BROADWAY WORLD – Acclaimed singer, dancer and actress Dianna Agron makes her Café Carlyle debut, September 19-23.So far in her career, very few people have heard Dianna sing the kind of music she loves best. HeR Lower register calling, she will present songs typically sung by men. From Dylan and The Doors to The Kinks and The Zombies, Dianna will be paying tribute to some of finest male-fronted acts of the ’70s. By way of the hit TV show Glee, selling more than twelve million albums worldwide and tackling two major tours, she is no stranger to the stage. Having recently moved to New York, she is thrilled to bring her voice to the Café, something she feels cements her place in the city.
Performances will take place Tuesday – Saturday at 8:45pm; and Saturday at 10:45pm.

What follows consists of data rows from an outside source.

(* Let $T$ be a tournament with $n$ vertices and $t$ directed triangles, where $3t\geq n$. Then $$\alpha(T)\geq \frac{2}{3}\,n\sqrt{\frac{n}{3t}}.$$
   Context: A tournament is an orientation of a complete graph. A directed triangle is a directed cycle of length $3$. A subset $S\subseteq V(T)$ is acyclic if $T[S]$ contains no directed cycle; $\alpha(T)$ is the maximum size of an acyclic subset of $V(T)$. *)

theory Defs
  imports Main "HOL-Library.Disjoint_Sets" Complex_Main
begin

definition tournament :: "'a set \<Rightarrow> ('a \<Rightarrow> 'a \<Rightarrow> bool) \<Rightarrow> bool" where
  "tournament V E \<longleftrightarrow> finite V
     \<and> (\<forall>x y. E x y \<longrightarrow> x \<in> V \<and> y \<in> V)
     \<and> (\<forall>x\<in>V. \<not> E x x)
     \<and> (\<forall>x\<in>V. \<forall>y\<in>V. x \<noteq> y \<longrightarrow> (E x y \<longleftrightarrow> \<not> E y x))"

definition directed_triangles :: "'a set \<Rightarrow> ('a \<Rightarrow> 'a \<Rightarrow> bool) \<Rightarrow> 'a set set" where
  "directed_triangles V E = {{x, y, z} | x y z.
      x \<in> V \<and> y \<in> V \<and> z \<in> V \<and> E x y \<and> E y z \<and> E z x}"

definition induced_arcs :: "('a \<Rightarrow> 'a \<Rightarrow> bool) \<Rightarrow> 'a set \<Rightarrow> ('a \<times> 'a) set" where
  "induced_arcs E S = {(x, y). x \<in> S \<and> y \<in> S \<and> E x y}"

definition acyclic_set :: "'a set \<Rightarrow> ('a \<Rightarrow> 'a \<Rightarrow> bool) \<Rightarrow> 'a set \<Rightarrow> bool" where
  "acyclic_set V E S \<longleftrightarrow> S \<subseteq> V \<and> acyclic (induced_arcs E S)"

definition alpha :: "'a set \<Rightarrow> ('a \<Rightarrow> 'a \<Rightarrow> bool) \<Rightarrow> nat" where
  "alpha V E = Max (card ` {S. acyclic_set V E S})"

end

theory Submission
  imports Defs
begin

text \<open>Pick each vertex independently with probability p. A random set S then contains n p vertices
  and t p^3 directed triangles on average, so some S has at least n p - t p^3 more vertices than
  triangles. Deleting one vertex from each triangle inside S leaves a set without directed
  triangles, which in a tournament is transitive and hence acyclic; thus
  \<alpha>(T) \<ge> n p - t p^3. The choice p = sqrt (n / 3t) makes this 2/3 n p.\<close>

text \<open>The probability that the p-random subset of V is exactly S.\<close>
definition subset_weight :: "'a set \<Rightarrow> 'b::comm_ring_1 \<Rightarrow> 'a set \<Rightarrow> 'b" where
  "subset_weight V p S = p ^ card S * (1 - p) ^ card (V - S)"

lemma sum_subset_weight_supsets:
  fixes p :: "'b::comm_ring_1"
  assumes "finite V" "A \<subseteq> V"
  shows "(\<Sum>S\<in>Pow V. if A \<subseteq> S then subset_weight V p S else 0) = p ^ card A"
proof -
  define q where "q = (\<lambda>v. if v \<in> A then 0 else 1 - p)"
  have "p ^ card A = (\<Prod>v\<in>V. if v \<in> A then p else 1)"
    using assms by (simp add: prod.If_cases Int_absorb1)
  also have "\<dots> = (\<Prod>v\<in>V. p + q v)"
    by (intro prod.cong) (auto simp: q_def)
  also have "\<dots> = (\<Sum>S\<in>Pow V. (\<Prod>v\<in>S. p) * (\<Prod>v\<in>V - S. q v))"
    by (rule prod_add[OF assms(1)])
  also have "\<dots> = (\<Sum>S\<in>Pow V. if A \<subseteq> S then subset_weight V p S else 0)"
  proof (rule sum.cong[OF refl])
    fix S assume "S \<in> Pow V"
    show "(\<Prod>v\<in>S. p) * (\<Prod>v\<in>V - S. q v) = (if A \<subseteq> S then subset_weight V p S else 0)"
    proof (cases "A \<subseteq> S")
      case True
      then have "(\<Prod>v\<in>V - S. q v) = (\<Prod>v\<in>V - S. 1 - p)"
        by (intro prod.cong) (auto simp: q_def)
      then show ?thesis using True by (simp add: subset_weight_def)
    next
      case False
      then obtain a where "a \<in> A" "a \<notin> S" by auto
      then have "a \<in> V - S" "q a = 0" using assms(2) by (auto simp: q_def)
      then have "(\<Prod>v\<in>V - S. q v) = 0" using assms(1) by (meson finite_Diff prod_zero)
      then show ?thesis using False by simp
    qed
  qed
  finally show ?thesis by simp
qed

lemma sum_subset_weight_card_contained:
  fixes p :: "'b::comm_ring_1"
  assumes "finite V" "D \<subseteq> Pow V"
  shows "(\<Sum>S\<in>Pow V. subset_weight V p S * of_nat (card {X\<in>D. X \<subseteq> S})) = (\<Sum>X\<in>D. p ^ card X)"
proof -
  have finD: "finite D" using assms finite_subset by blast
  have "(\<Sum>S\<in>Pow V. subset_weight V p S * of_nat (card {X\<in>D. X \<subseteq> S}))
      = (\<Sum>S\<in>Pow V. \<Sum>X\<in>D. if X \<subseteq> S then subset_weight V p S else 0)"
  proof (rule sum.cong[OF refl])
    fix S
    have "of_nat (card {X\<in>D. X \<subseteq> S}) = (\<Sum>X\<in>D. of_bool (X \<subseteq> S) :: 'b)"
      using finD by (simp add: Collect_conj_eq Int_commute)
    then show "subset_weight V p S * of_nat (card {X\<in>D. X \<subseteq> S})
        = (\<Sum>X\<in>D. if X \<subseteq> S then subset_weight V p S else 0)"
      by (auto simp: sum_distrib_left intro!: sum.cong)
  qed
  also have "\<dots> = (\<Sum>X\<in>D. \<Sum>S\<in>Pow V. if X \<subseteq> S then subset_weight V p S else 0)"
    by (rule sum.swap)
  also have "\<dots> = (\<Sum>X\<in>D. p ^ card X)"
    using assms by (intro sum.cong refl sum_subset_weight_supsets) auto
  finally show ?thesis .
qed

lemma sum_subset_weight_card:
  fixes p :: "'b::comm_ring_1"
  assumes "finite V"
  shows "(\<Sum>S\<in>Pow V. subset_weight V p S * of_nat (card S)) = of_nat (card V) * p"
proof -
  let ?D = "(\<lambda>v. {v}) ` V"
  have "card {X\<in>?D. X \<subseteq> S} = card S" if "S \<subseteq> V" for S
  proof -
    have "{X\<in>?D. X \<subseteq> S} = (\<lambda>v. {v}) ` S" using that by auto
    then show ?thesis by (simp add: card_image)
  qed
  then have "(\<Sum>S\<in>Pow V. subset_weight V p S * of_nat (card S))
      = (\<Sum>S\<in>Pow V. subset_weight V p S * of_nat (card {X\<in>?D. X \<subseteq> S}))"
    by (intro sum.cong) auto
  also have "\<dots> = (\<Sum>X\<in>?D. p ^ card X)"
    using assms by (intro sum_subset_weight_card_contained) auto
  also have "\<dots> = of_nat (card V) * p"
    by (simp add: sum.reindex)
  finally show ?thesis .
qed

lemma subset_weight_nonneg:
  fixes p :: real
  assumes "0 \<le> p" "p \<le> 1"
  shows "0 \<le> subset_weight V p S"
  using assms by (simp add: subset_weight_def)

lemma exists_ge_weighted_mean:
  fixes w f :: "'a \<Rightarrow> real"
  assumes "finite A" "\<And>x. x \<in> A \<Longrightarrow> 0 \<le> w x" "(\<Sum>x\<in>A. w x) = 1"
  shows "\<exists>x\<in>A. (\<Sum>y\<in>A. w y * f y) \<le> f x"
proof -
  have "A \<noteq> {}" using assms(3) by auto
  then have "Max (f ` A) \<in> f ` A" using assms(1) by simp
  then obtain x where x: "x \<in> A" "f x = Max (f ` A)" by auto
  have max: "\<And>y. y \<in> A \<Longrightarrow> f y \<le> f x" using assms(1) x(2) by simp
  have "(\<Sum>y\<in>A. w y * f y) \<le> (\<Sum>y\<in>A. w y * f x)"
    using assms(2) max by (intro sum_mono mult_left_mono) auto
  also have "\<dots> = f x" using assms(3) by (simp flip: sum_distrib_right)
  finally show ?thesis using x(1) by blast
qed

lemma exists_subset_avoiding_contained:
  assumes "finite S" "finite D" "{} \<notin> D"
  shows "\<exists>S'\<subseteq>S. (\<forall>X\<in>D. \<not> X \<subseteq> S') \<and> card S - card {X\<in>D. X \<subseteq> S} \<le> card S'"
proof -
  define C where "C = {X\<in>D. X \<subseteq> S}"
  define S' where "S' = S - (\<lambda>X. SOME x. x \<in> X) ` C"
  have "\<not> X \<subseteq> S'" if "X \<in> D" for X
  proof
    assume "X \<subseteq> S'"
    moreover have "X \<noteq> {}" using that assms(3) by auto
    then have "(SOME x. x \<in> X) \<in> X" by (meson ex_in_conv someI_ex)
    moreover have "X \<in> C" using that \<open>X \<subseteq> S'\<close> by (auto simp: C_def S'_def)
    ultimately show False by (auto simp: S'_def)
  qed
  moreover have "card S - card C \<le> card S'"
  proof -
    have "finite C" using assms(2) by (simp add: C_def)
    then have "card S - card ((\<lambda>X. SOME x. x \<in> X) ` C) \<le> card S'"
      unfolding S'_def by (intro diff_card_le_card_Diff) simp
    moreover have "card ((\<lambda>X. SOME x. x \<in> X) ` C) \<le> card C"
      using \<open>finite C\<close> by (rule card_image_le)
    ultimately show ?thesis by linarith
  qed
  ultimately show ?thesis unfolding C_def S'_def by blast
qed

lemma directed_triangle_card:
  assumes "tournament V E" "X \<in> directed_triangles V E"
  shows "card X = 3"
proof -
  obtain x y z where X: "X = {x, y, z}" "x \<in> V" "y \<in> V" "z \<in> V" "E x y" "E y z" "E z x"
    using assms(2) unfolding directed_triangles_def by blast
  then have "x \<noteq> y" "y \<noteq> z" "z \<noteq> x" using assms(1) unfolding tournament_def by blast+
  then show ?thesis using X by simp
qed

lemma directed_triangles_subset_Pow: "directed_triangles V E \<subseteq> Pow V"
  unfolding directed_triangles_def by blast

lemma acyclic_set_if_no_directed_triangle:
  assumes T: "tournament V E" and SV: "S \<subseteq> V"
    and no_triangle: "\<forall>X\<in>directed_triangles V E. \<not> X \<subseteq> S"
  shows "acyclic_set V E S"
proof -
  let ?R = "induced_arcs E S"
  have irrefl: "\<And>x. \<not> E x x" using T unfolding tournament_def by blast
  have "trans ?R"
  proof (rule transI)
    fix x y z assume "(x, y) \<in> ?R" "(y, z) \<in> ?R"
    then have xyz: "x \<in> S" "y \<in> S" "z \<in> S" "E x y" "E y z" by (auto simp: induced_arcs_def)
    have "E x z"
    proof (cases "x = z")
      case True
      have "x \<noteq> y" using irrefl xyz(4) by metis
      then have "\<not> E y x" using xyz(1,2,4) SV T unfolding tournament_def by blast
      then show ?thesis using xyz(5) True by simp
    next
      case False
      have "{x, y, z} \<notin> directed_triangles V E" using no_triangle xyz by auto
      then have "\<not> E z x" using xyz SV unfolding directed_triangles_def by blast
      then show ?thesis using False xyz T SV unfolding tournament_def by blast
    qed
    then show "(x, z) \<in> ?R" using xyz by (simp add: induced_arcs_def)
  qed
  then have "acyclic ?R"
    unfolding acyclic_def using irrefl by (auto simp: trancl_id induced_arcs_def)
  then show ?thesis using SV by (simp add: acyclic_set_def)
qed

lemma card_le_alpha:
  assumes "tournament V E" "acyclic_set V E S"
  shows "card S \<le> alpha V E"
proof -
  have "{S. acyclic_set V E S} \<subseteq> Pow V" by (auto simp: acyclic_set_def)
  then have "finite {S. acyclic_set V E S}"
    using assms(1) unfolding tournament_def by (meson finite_Pow_iff finite_subset)
  then show ?thesis unfolding alpha_def using assms(2) by (intro Max_ge) auto
qed

lemma card_minus_contained_triangles_le_alpha:
  assumes T: "tournament V E" and SV: "S \<subseteq> V"
  shows "card S - card {X\<in>directed_triangles V E. X \<subseteq> S} \<le> alpha V E"
proof -
  have finV: "finite V" using T by (simp add: tournament_def)
  have "finite S" using finite_subset[OF SV finV] .
  moreover have "finite (directed_triangles V E)"
    using finite_subset[OF directed_triangles_subset_Pow] finV by simp
  moreover have "{} \<notin> directed_triangles V E"
    using directed_triangle_card[OF T, of "{}"] by auto
  ultimately have "\<exists>S'\<subseteq>S. (\<forall>X\<in>directed_triangles V E. \<not> X \<subseteq> S')
      \<and> card S - card {X\<in>directed_triangles V E. X \<subseteq> S} \<le> card S'"
    by (rule exists_subset_avoiding_contained)
  then obtain S' where S'S: "S' \<subseteq> S"
      and avoid: "\<forall>X\<in>directed_triangles V E. \<not> X \<subseteq> S'"
      and card: "card S - card {X\<in>directed_triangles V E. X \<subseteq> S} \<le> card S'"
    by blast
  have "acyclic_set V E S'"
    using acyclic_set_if_no_directed_triangle[OF T subset_trans[OF S'S SV] avoid] .
  then show ?thesis using card card_le_alpha[OF T] by (meson le_trans)
qed

lemma alpha_ge_cubic_bound:
  assumes T: "tournament V E" and p: "0 \<le> p" "p \<le> 1"
  shows "real (card V) * p - real (card (directed_triangles V E)) * p ^ 3 \<le> real (alpha V E)"
proof -
  let ?D = "directed_triangles V E"
  let ?w = "subset_weight V p"
  let ?f = "\<lambda>S. real (card S) - real (card {X\<in>?D. X \<subseteq> S})"
  have fin: "finite V" using T by (simp add: tournament_def)
  have "(\<Sum>S\<in>Pow V. ?w S * real (card {X\<in>?D. X \<subseteq> S})) = real (card ?D) * p ^ 3"
    using sum_subset_weight_card_contained[OF fin directed_triangles_subset_Pow, of p]
    by (simp add: directed_triangle_card[OF T])
  then have mean: "(\<Sum>S\<in>Pow V. ?w S * ?f S) = real (card V) * p - real (card ?D) * p ^ 3"
    using sum_subset_weight_card[OF fin, of p]
    by (simp add: right_diff_distrib sum_subtractf)
  have "(\<Sum>S\<in>Pow V. ?w S) = 1"
    using sum_subset_weight_supsets[OF fin empty_subsetI, of p] by simp
  then obtain S where "S \<subseteq> V" "(\<Sum>S\<in>Pow V. ?w S * ?f S) \<le> ?f S"
    using exists_ge_weighted_mean[of "Pow V" ?w ?f] fin subset_weight_nonneg[OF p] by auto
  moreover have "?f S \<le> real (alpha V E)"
    using card_minus_contained_triangles_le_alpha[OF T \<open>S \<subseteq> V\<close>] by linarith
  ultimately show ?thesis using mean by linarith
qed

theorem mainTheorem4:
  fixes V :: "'a set" and E :: "'a \<Rightarrow> 'a \<Rightarrow> bool" and n t :: nat
  assumes "tournament V E"
    and "n = card V"
    and "t = card (directed_triangles V E)"
    and "3 * t \<ge> n"
  shows "real (alpha V E) \<ge> 2 / 3 * real n * sqrt (real n / (3 * real t))"
proof (cases "t = 0")
  case True
  then show ?thesis using assms(4) by simp
next
  case False
  define p where "p = sqrt (real n / (3 * real t))"
  have "0 \<le> p" "p \<le> 1" using assms(4) False by (auto simp: p_def divide_le_eq_1)
  have "real t * p ^ 3 = real t * p\<^sup>2 * p" by (simp add: power3_eq_cube power2_eq_square)
  also have "\<dots> = real n / 3 * p" using False by (simp add: p_def)
  finally have "real n * p - real t * p ^ 3 = 2 / 3 * real n * p" by simp
  then show ?thesis
    using alpha_ge_cubic_bound[OF assms(1) \<open>0 \<le> p\<close> \<open>p \<le> 1\<close>] assms(2,3) by (simp add: p_def)
qed

end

Weekday pricing begins at $90 per person / Bar Seating: $75 / Premium Seating: $140. Weekend pricing begins at $110 per person / Bar Seating: $85 / Premium Seating: $160. Reservations can be made by phone at 212.744.1600 or online via Ticketweb. Café Carlyle is located in The Carlyle, A Rosewood Hotel (35 East 76th Street, at Madison Avenue).
About Café Carlyle at The Carlyle, A Rosewood Hotel
Originally opened in 1955, Café Carlyle is New York City’s bastion of classic cabaret entertainment, a place where audiences experience exceptional performers at close range in an exceedingly elegant setting. Since composer Richard Rodgers moved in as The Carlyle’s first tenant, music has been an essential part of The Carlyle experience. No place is that more evident than in the Café Carlyle.
Café Carlyle is known for talents including Woody Allen, who regularly appears on Monday evenings to play with thE Eddy Davis New Orleans jazz band. For three decades, Café Carlyle was synonymous with the legendary Bobby Short, who thrilled sell-out crowds for 36 years. His spirit lives on through the music at Café Carlyle.
Continuing the tradition of the 1930s supper club, Café Carlyle features original murals created by French artist Marcel Vertès, the Oscar-winning art director of the 1952 Moulin Rouge.